- Abbreviation: PFDJ
- Chairperson: Isaias Afwerki
- Secretary: Yemane Gebreab
- Founded: 16 February 1994 (32 years, 215 days)
- Preceded by: Eritrean People's Liberation Front
- Headquarters: Asmara
- Newspaper: Shabait
- Youth wing: Young People's Front for Democracy and Justice
- Armed wing: Eritrean Defence Forces
- Ideology: Eritrean nationalism; Left-wing nationalism; Civic nationalism Secularism; Socialism; Militarism; ; Totalitarianism
- Political position: Left-wing
- International affiliation: For the Freedom of Nations!
- National Assembly: 75 / 150 (50%)

Party flag

Website
- shaebia.org (Archived)

= People's Front for Democracy and Justice =

Political party in Eritrea

The People's Front for Democracy and Justice (ህዝባዊ ግንባር ንደሞክራስን ፍትሕን, PFDJ) is the founding and sole ruling party of the State of Eritrea. The successor to the Marxist–Leninist Eritrean People's Liberation Front (EPLF), the PFDJ regards itself as a left-wing nationalist party, though it holds itself open to nationalists of any political affiliation. The leader of the party and current President of Eritrea is Isaias Afwerki. The PFDJ has been described as totalitarian, and under its rule Eritrea reached the status of the least electorally democratic country in Africa according to V-Dem Democracy indices in 2023.

== Creation ==
The Eritrean People's Liberation Front (EPLF), later (from 1994) People's Front for Democracy and Justice, was formed from the secessionist movement that successfully fought for the creation of an independent Eritrean nation out of the northernmost province of Ethiopia in 1993.

The historical region of Eritrea had joined Ethiopia as an autonomous unit in 1952. The Eritrean Liberation Movement was founded in 1958 and was succeeded by the Eritrean Liberation Front (ELF) in 1961. The ELF grew in membership when the Ethiopian emperor Haile Selassie abolished Eritrea's autonomous status, annexing it as a province in 1962. In the 1960s and 1970s, the ELF undertook a systematic campaign of guerrilla warfare against the Ethiopian government. A faction of the ELF broke away in 1970 to form the Eritrean People's Liberation Front. The EPLF managed to secure control of much of the Eritrean countryside and build effective administrations in the areas it controlled.

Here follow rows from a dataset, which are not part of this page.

lemma abs_le_if_has_sum_0:
  fixes T B :: "'a \<Rightarrow> real"
  assumes T: "(T has_sum 0) UNIV" and B: "(B has_sum S) UNIV"
    and "\<And>j. 0 \<le> B j" and "\<And>j. j \<noteq> a \<Longrightarrow> \<bar>T j\<bar> \<le> B j"
  shows "\<bar>T a\<bar> \<le> S"
proof -
  have "B a + s * T a \<le> S" if s: "s = 1 \<or> s = - 1" for s
  proof -
    have total: "((\<lambda>j. B j + s * T j) has_sum S + s * 0) UNIV"
      by (intro has_sum_add has_sum_cmult_right T B)
    have single: "((\<lambda>j. B j + s * T j) has_sum B a + s * T a) {a}"
      using has_sum_finite[of "{a}" "\<lambda>j. B j + s * T j"] by simp
    have "0 \<le> B j + s * T j" if "j \<noteq> a" for j
      using assms(4)[OF that] s unfolding abs_le_iff by auto
    then have "B a + s * T a \<le> S + s * 0"
      by (intro has_sum_mono_neutral[OF single total]) auto
    then show ?thesis by simp
  qed
  from this[of 1] this[of "- 1"] assms(3)[of a] show ?thesis by (auto simp: abs_le_iff)
qed

lemma abs_q_moment_term_q_node_poly_le:
  assumes q: "0 < q" "q < 1" and "j \<noteq> 0"
  shows "\<bar>q_moment_term q 0 (\<lambda>x. poly (q_node_poly q N M) x * c x) j\<bar>
    \<le> q ^ (\<Sum>i\<in>{1..N}. i) * q_moment_term q 0 (\<lambda>x. \<bar>c x\<bar>) j
      + q ^ (\<Sum>i\<in>{1..M}. i) * q_moment_term q (N + M) (\<lambda>x. \<bar>c x\<bar>) j"
    (is "\<bar>?T\<bar> \<le> ?E1 * ?a0 + ?E2 * ?aNM")
proof -
  define P where "P = q_node_poly q N M"
  have qj: "0 < q powi j" using q by simp
  have T: "\<bar>?T\<bar> = q powi j * \<bar>poly P (q powi j)\<bar> * \<bar>c (q powi j)\<bar>"
    using q by (simp add: P_def q_moment_term_def abs_mult)
  have nonneg: "0 \<le> ?E1 * ?a0" "0 \<le> ?E2 * ?aNM"
    using q by (simp_all add: q_moment_term_def)
  consider "int N < j" | "j < - int M" | "- int M \<le> j" "j \<le> int N" by linarith
  then show ?thesis
  proof cases
    case 1
    then have "q powi j \<le> q ^ N"
      using q by (simp add: power_int_def power_decreasing)
    then have "\<bar>poly P (q powi j)\<bar> \<le> ?E1"
      unfolding P_def using q qj by (intro abs_poly_q_node_poly_le_near_0) auto
    then have "\<bar>?T\<bar> \<le> q powi j * ?E1 * \<bar>c (q powi j)\<bar>"
      unfolding T using qj by (intro mult_right_mono mult_left_mono) auto
    also have "\<dots> = ?E1 * ?a0" by (simp add: q_moment_term_def)
    finally show ?thesis using nonneg by linarith
  next
    case 2
    then have "1 \<le> q ^ M * q powi j"
      using q by (simp add: power_int_def power_inverse field_simps)
    then have "\<bar>poly P (q powi j)\<bar> \<le> (q powi j) ^ (N + M) * ?E2"
      unfolding P_def using q by (intro abs_poly_q_node_poly_le_near_infinity) auto
    then have "\<bar>?T\<bar> \<le> q powi j * ((q powi j) ^ (N + M) * ?E2) * \<bar>c (q powi j)\<bar>"
      unfolding T using qj by (intro mult_right_mono mult_left_mono) auto
    also have "\<dots> = ?E2 * ?aNM"
    proof -
      have "q powi (j * int (N + M + 1)) = (q powi j) ^ (N + M + 1)"
        by (simp only: power_int_mult power_int_of_nat)
      then show ?thesis by (simp add: q_moment_term_def)
    qed
    finally show ?thesis using nonneg by linarith
  next
    case 3
    then have "?T = 0"
      using poly_q_node_poly_eq_0[of q j M N] q assms(3) by (simp add: q_moment_term_def)
    then show ?thesis using nonneg by simp
  qed
qed

lemma abs_at_1_le_q_moments:
  assumes q: "0 < q" "q < 1" and vanishing: "vanishing_q_moments q c"
    and finite: "\<And>n. q_moment_finite q n c"
  shows "(1 - q) ^ (N + M) * ((1 - q) * \<bar>c 1\<bar>)
    \<le> q ^ (\<Sum>i\<in>{1..N}. i) * q_moment q 0 (\<lambda>x. \<bar>c x\<bar>)
      + q ^ (\<Sum>i\<in>{1..M}. i) * q_moment q (N + M) (\<lambda>x. \<bar>c x\<bar>)"
    (is "_ \<le> ?bound")
proof -
  define P where "P = q_node_poly q N M"
  define T where "T = q_moment_term q 0 (\<lambda>x. poly P x * c x)"
  define a where "a n = q_moment_term q n (\<lambda>x. \<bar>c x\<bar>)" for n
  have a_sum: "(a n has_sum q_moment q n (\<lambda>x. \<bar>c x\<bar>) / (1 - q)) UNIV" for n
    using q_moment_finite_abs[OF q(1) finite] q
    by (simp add: a_def q_moment_def q_moment_finite_def)
  have T_sum: "(T has_sum 0) UNIV"
    using vanishing_q_moments_mult_poly[OF _ vanishing, of P] q
    by (simp add: T_def vanishing_q_moments_def)
  have "\<bar>T 0\<bar> \<le> ?bound / (1 - q)"
  proof (rule abs_le_if_has_sum_0[OF T_sum])
    show "((\<lambda>j. q ^ (\<Sum>i\<in>{1..N}. i) * a 0 j + q ^ (\<Sum>i\<in>{1..M}. i) * a (N + M) j)
        has_sum ?bound / (1 - q)) UNIV"
      unfolding add_divide_distrib times_divide_eq_right[symmetric]
      by (intro has_sum_add has_sum_cmult_right a_sum)
    show "0 \<le> q ^ (\<Sum>i\<in>{1..N}. i) * a 0 j + q ^ (\<Sum>i\<in>{1..M}. i) * a (N + M) j" for j
      using q by (simp add: a_def q_moment_term_def)
    show "\<bar>T j\<bar> \<le> q ^ (\<Sum>i\<in>{1..N}. i) * a 0 j + q ^ (\<Sum>i\<in>{1..M}. i) * a (N + M) j"
      if "j \<noteq> 0" for j
      unfolding T_def P_def a_def by (rule abs_q_moment_term_q_node_poly_le[OF q that])
  qed
  then have upper: "(1 - q) * \<bar>T 0\<bar> \<le> ?bound"
    using q by (simp add: pos_le_divide_eq mult.commute)
  have lower: "(1 - q) ^ (N + M) * \<bar>c 1\<bar> \<le> \<bar>T 0\<bar>"
    using abs_poly_q_node_poly_1_ge[OF q]
    by (simp add: T_def P_def q_moment_term_def abs_mult mult_right_mono)
  have "(1 - q) ^ (N + M) * ((1 - q) * \<bar>c 1\<bar>) = (1 - q) * ((1 - q) ^ (N + M) * \<bar>c 1\<bar>)"
    by (simp only: mult.left_commute)
  also have "\<dots> \<le> (1 - q) * \<bar>T 0\<bar>"
    using lower q by (intro mult_left_mono) auto
  finally show ?thesis using upper by linarith
qed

The fighting that broke out between the EPLF, ELF, and other Eritrean rebel groups in 1981 prevented further military gains, but the EPLF subsequently emerged as the principal Eritrean guerrilla group.

As Soviet support of Ethiopia's socialist government collapsed in the late 1980s, the EPLF allied with guerrilla groups in Tigray province and other parts of Ethiopia. After the holding of a United Nations-supervised referendum on independence there in April 1993, the EPLF declared the new nation of Eritrea the following month.

At the third congress of the EPLF Front in February 1994, delegates voted to transform the 95,000‐person organization into a mass political movement, the People's Front for Democracy and Justice (PFDJ). The congress gave the PFDJ a transitional mandate to draw the general population into the political process and to prepare the country for constitutional democracy.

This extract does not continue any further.